**ASSIGNMENT**
The result should be every line that contains the word "imports", taken from the material.

**SOURCE MATERIAL**
(* Let $G$ be a finite group and let $x_1, \dots, x_n$ be representatives of the distinct rational classes of $G$. Then $$|\mathrm{Solv}(G)| \leq \sum_{i=1}^n [G : N_G(\langle x_i \rangle)].$$
   Context: For a finite group $G$ and $x \in G$, the solvabilizer of $x$ in $G$ is $\mathrm{Sol}_G(x) = \{y \in G : \langle x, y \rangle \text{ is solvable}\}$; $\mathrm{Solv}(G) = \{\mathrm{Sol}_G(x) : x \in G\}$ is the set of distinct solvabilizers. The rational class of $x \in G$ is the union of the conjugacy classes $(x^i)^G$ over all integers $i$ with $\gcd(|x|, i) = 1$. *)

theory Defs
  imports "HOL-Algebra.Algebra"
begin

definition solvabilizer :: "('a, 'b) monoid_scheme \<Rightarrow> 'a \<Rightarrow> 'a set" where
  "solvabilizer G x = {y \<in> carrier G. solvable (subgroup_generated G {x, y})}"

definition Solv :: "('a, 'b) monoid_scheme \<Rightarrow> 'a set set" where
  "Solv G = solvabilizer G ` carrier G"

definition conj_class :: "('a, 'b) monoid_scheme \<Rightarrow> 'a \<Rightarrow> 'a set" where
  "conj_class G x = {g \<otimes>\<^bsub>G\<^esub> x \<otimes>\<^bsub>G\<^esub> inv\<^bsub>G\<^esub> g | g. g \<in> carrier G}"

definition rational_class :: "('a, 'b) monoid_scheme \<Rightarrow> 'a \<Rightarrow> 'a set" where
  "rational_class G x =
     (\<Union>i \<in> {i :: int. coprime (int (group.ord G x)) i}. conj_class G (x [^]\<^bsub>G\<^esub> i))"

definition rational_classes :: "('a, 'b) monoid_scheme \<Rightarrow> 'a set set" where
  "rational_classes G = rational_class G ` carrier G"

end

theory Submission
  imports Defs
begin

text \<open>The solvabilizer of \<open>y\<close> only depends on the cyclic subgroup \<open>\<langle>y\<rangle>\<close>, so
  \<open>|Solv(G)|\<close> is at most the number of cyclic subgroups of \<open>G\<close>. If \<open>y\<close> lies in the rational
  class of \<open>x\<close>, then \<open>y\<close> is conjugate to a generator \<open>x\<^sup>i\<close> of \<open>\<langle>x\<rangle>\<close>, so \<open>\<langle>y\<rangle>\<close> is conjugate
  to \<open>\<langle>x\<rangle>\<close>. Hence every cyclic subgroup is a conjugate of some \<open>\<langle>x\<^sub>i\<rangle>\<close>, and by the
  orbit-stabilizer theorem \<open>\<langle>x\<^sub>i\<rangle>\<close> has exactly \<open>[G : N\<^sub>G(\<langle>x\<^sub>i\<rangle>)]\<close> conjugates.\<close>

lemma card_image_le_card_image_if_factors:
  assumes "finite A" and "\<And>x y. x \<in> A \<Longrightarrow> y \<in> A \<Longrightarrow> g x = g y \<Longrightarrow> f x = f y"
  shows "card (f ` A) \<le> card (g ` A)"
proof -
  have "f ` A = (f \<circ> inv_into A g) ` g ` A"
    unfolding image_comp
  proof (rule image_cong)
    fix x assume "x \<in> A"
    then show "f x = (f \<circ> inv_into A g \<circ> g) x"
      using assms(2)[of x "inv_into A g (g x)"] by (simp add: inv_into_into f_inv_into_f)
  qed simp
  then show ?thesis
    using assms(1) by (simp add: card_image_le)
qed

definition conjugates :: "('a, 'b) monoid_scheme \<Rightarrow> 'a set \<Rightarrow> 'a set set" where
  "conjugates G H = {g <#\<^bsub>G\<^esub> H #>\<^bsub>G\<^esub> inv\<^bsub>G\<^esub> g | g. g \<in> carrier G}"

context group
begin

lemma generate_insert_eq_if_generate_eq:
  assumes "a \<in> carrier G" "b \<in> carrier G" "Y \<subseteq> carrier G"
    and "generate G {a} = generate G {b}"
  shows "generate G (insert a Y) = generate G (insert b Y)"
proof -
  have "generate G (insert a Y) \<subseteq> generate G (insert b Y)"
    if "b \<in> carrier G" "generate G {a} = generate G {b}" for a b
  proof (rule generate_subgroup_incl)
    have "a \<in> generate G {b}"
      using that(2) generate.incl[of a "{a}" G] by simp
    also have "\<dots> \<subseteq> generate G (insert b Y)"
      by (rule mono_generate) simp
    finally show "insert a Y \<subseteq> generate G (insert b Y)"
      using generate.incl[of _ "insert b Y" G] by blast
    show "subgroup (generate G (insert b Y)) G"
      using that(1) assms(3) by (intro generate_is_subgroup) simp
  qed
  then show ?thesis
    using assms by (metis subset_antisym)
qed

lemma solvabilizer_eq_if_generate_eq:
  assumes "a \<in> carrier G" "b \<in> carrier G" and "generate G {a} = generate G {b}"
  shows "solvabilizer G a = solvabilizer G b"
proof -
  have "subgroup_generated G {a, y} = subgroup_generated G {b, y}" if "y \<in> carrier G" for y
    using that assms generate_insert_eq_if_generate_eq[of a b "{y}"]
    by (simp add: subgroup_generated_def insert_absorb)
  then show ?thesis
    unfolding solvabilizer_def by auto
qed

lemma generate_pow_coprime:
  assumes x: "x \<in> carrier G" and "coprime (int (ord x)) i"
  shows "generate G {x [^] i} = generate G {x}"
proof
  show "generate G {x [^] i} \<subseteq> generate G {x}"
    using x by (intro generate_subgroup_incl generate_is_subgroup) (auto simp: generate_pow)
  obtain u v where "u * int (ord x) + v * i = 1"
    using bezout_int[of "int (ord x)" i] assms(2) by auto
  then have "int (ord x) dvd 1 - i * v"
    by (metis add_diff_cancel_right' dvd_triv_right mult.commute)
  then have "x [^] (i * v) = x [^] (1::int)"
    by (subst int_pow_eq[OF x])
  then have "(x [^] i) [^] v = x"
    using x by (simp add: int_pow_pow)
  then have "x \<in> generate G {x [^] i}"
    using x generate_pow[of "x [^] i"] by (auto intro: exI[of _ v])
  then show "generate G {x} \<subseteq> generate G {x [^] i}"
    using x by (intro generate_subgroup_incl generate_is_subgroup) auto
qed

lemma conjugation_hom:
  assumes "g \<in> carrier G"
  shows "(\<lambda>h. g \<otimes> h \<otimes> inv g) \<in> hom G G"
proof (rule homI)
  fix x y assume "x \<in> carrier G" "y \<in> carrier G"
  then show "g \<otimes> (x \<otimes> y) \<otimes> inv g = g \<otimes> x \<otimes> inv g \<otimes> (g \<otimes> y \<otimes> inv g)"
    using assms by (simp add: m_assoc inv_solve_left)
qed (use assms in simp)

lemma generate_conjugate:
  assumes "g \<in> carrier G" "a \<in> carrier G"
  shows "generate G {g \<otimes> a \<otimes> inv g} = g <# generate G {a} #> inv g"
proof -
  interpret conj: group_hom G G "\<lambda>h. g \<otimes> h \<otimes> inv g"
    using conjugation_hom[OF assms(1)] by (simp add: group_hom_def group_hom_axioms_def is_group)
  have "generate G {g \<otimes> a \<otimes> inv g} = (\<lambda>h. g \<otimes> h \<otimes> inv g) ` generate G {a}"
    using assms(2) conj.generate_img[of "{a}"] by simp
  also have "\<dots> = g <# generate G {a} #> inv g"
    using assms generate_in_carrier[of "{a}"]
    by (force simp: l_coset_def r_coset_def m_assoc)
  finally show ?thesis .
qed

lemma mem_rational_class_self:
  assumes "y \<in> carrier G"
  shows "y \<in> rational_class G y"
proof -
  have "y \<in> conj_class G (y [^] (1::int))"
    using assms unfolding conj_class_def by (force intro: exI[of _ \<one>])
  then show ?thesis
    unfolding rational_class_def by force
qed

lemma generate_conjugate_if_mem_rational_class:
  assumes "x \<in> carrier G" and "y \<in> rational_class G x"
  shows "generate G {y} \<in> conjugates G (generate G {x})"
proof -
  obtain i g where "coprime (int (ord x)) i" "g \<in> carrier G" "y = g \<otimes> x [^] i \<otimes> inv g"
    using assms(2) unfolding rational_class_def conj_class_def by auto
  then have "generate G {y} = g <# generate G {x} #> inv g"
    using assms(1) by (simp add: generate_conjugate generate_pow_coprime)
  then show ?thesis
    using \<open>g \<in> carrier G\<close> unfolding conjugates_def by blast
qed

lemma cyclic_subgroups_subset_conjugates:
  assumes "R \<subseteq> carrier G" and "rational_classes G \<subseteq> rational_class G ` R"
  shows "(\<lambda>y. generate G {y}) ` carrier G \<subseteq> (\<Union>x\<in>R. conjugates G (generate G {x}))"
proof clarify
  fix y assume y: "y \<in> carrier G"
  then obtain x where "x \<in> R" "rational_class G y = rational_class G x"
    using assms(2) unfolding rational_classes_def by blast
  then show "generate G {y} \<in> (\<Union>x\<in>R. conjugates G (generate G {x}))"
    using assms(1) y mem_rational_class_self generate_conjugate_if_mem_rational_class by blast
qed

lemma card_conjugates:
  assumes "finite (carrier G)" and "H \<subseteq> carrier G"
  shows "card (conjugates G H) = card (rcosets (normalizer G H))"
proof -
  let ?act = "\<lambda>g. \<lambda>H \<in> {H. H \<subseteq> carrier G}. g <# H #> inv g"
  interpret conj: group_action G "{H. H \<subseteq> carrier G}" ?act
    by (rule action_by_conjugation_on_power_set)
  have "orbit G ?act H = conjugates G H"
    using assms(2) unfolding orbit_def conjugates_def by simp
  then have "card (conjugates G H) * card (normalizer G H) = order G"
    using conj.orbit_stabilizer_theorem[of H] assms unfolding normalizer_def by simp
  moreover have "card (rcosets (normalizer G H)) * card (normalizer G H) = order G"
    using lagrange normalizer_imp_subgroup assms(2) by blast
  moreover have "card (normalizer G H) > 0"
    using normalizer_imp_subgroup[OF assms(2)] assms(1)
    by (metis card_gt_0_iff empty_iff finite_subset subgroup.one_closed subgroup.subset)
  ultimately show ?thesis
    by (metis mult_right_cancel less_irrefl)
qed

lemma finite_conjugates:
  assumes "finite (carrier G)" and "H \<subseteq> carrier G"
  shows "finite (conjugates G H)"
proof (rule finite_subset)
  show "conjugates G H \<subseteq> Pow (carrier G)"
    using assms(2) unfolding conjugates_def by (auto simp: l_coset_def r_coset_def)
qed (use assms in simp)

end

theorem corollary6p3:
  fixes G :: "('a, 'b) monoid_scheme" and R :: "'a set"
  assumes "group G"
    and "finite (carrier G)"
    and "R \<subseteq> carrier G"
    and "bij_betw (rational_class G) R (rational_classes G)"
  shows "card (Solv G)
           \<le> (\<Sum>x\<in>R. card (rcosets\<^bsub>G\<^esub> (normalizer G (generate G {x}))))"
proof -
  interpret group G by (fact assms(1))
  have "finite R"
    using assms(2,3) finite_subset by blast
  have cyclic_in_carrier: "generate G {x} \<subseteq> carrier G" if "x \<in> R" for x
    using that assms(3) generate_in_carrier[of "{x}"] by blast
  have "card (Solv G) \<le> card ((\<lambda>y. generate G {y}) ` carrier G)"
    unfolding Solv_def
    by (intro card_image_le_card_image_if_factors assms(2) solvabilizer_eq_if_generate_eq)
  also have "\<dots> \<le> card (\<Union>x\<in>R. conjugates G (generate G {x}))"
    using assms \<open>finite R\<close> cyclic_in_carrier
    by (intro card_mono cyclic_subgroups_subset_conjugates finite_UN_I finite_conjugates)
      (auto simp: bij_betw_def)
  also have "\<dots> \<le> (\<Sum>x\<in>R. card (conjugates G (generate G {x})))"
    by (rule card_UN_le[OF \<open>finite R\<close>])
  also have "\<dots> = (\<Sum>x\<in>R. card (rcosets\<^bsub>G\<^esub> (normalizer G (generate G {x}))))"
    using assms(2) cyclic_in_carrier by (intro sum.cong refl card_conjugates)
  finally show ?thesis .
qed

end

**YOUR RESPONSE**
  imports "HOL-Algebra.Algebra"
  imports Defs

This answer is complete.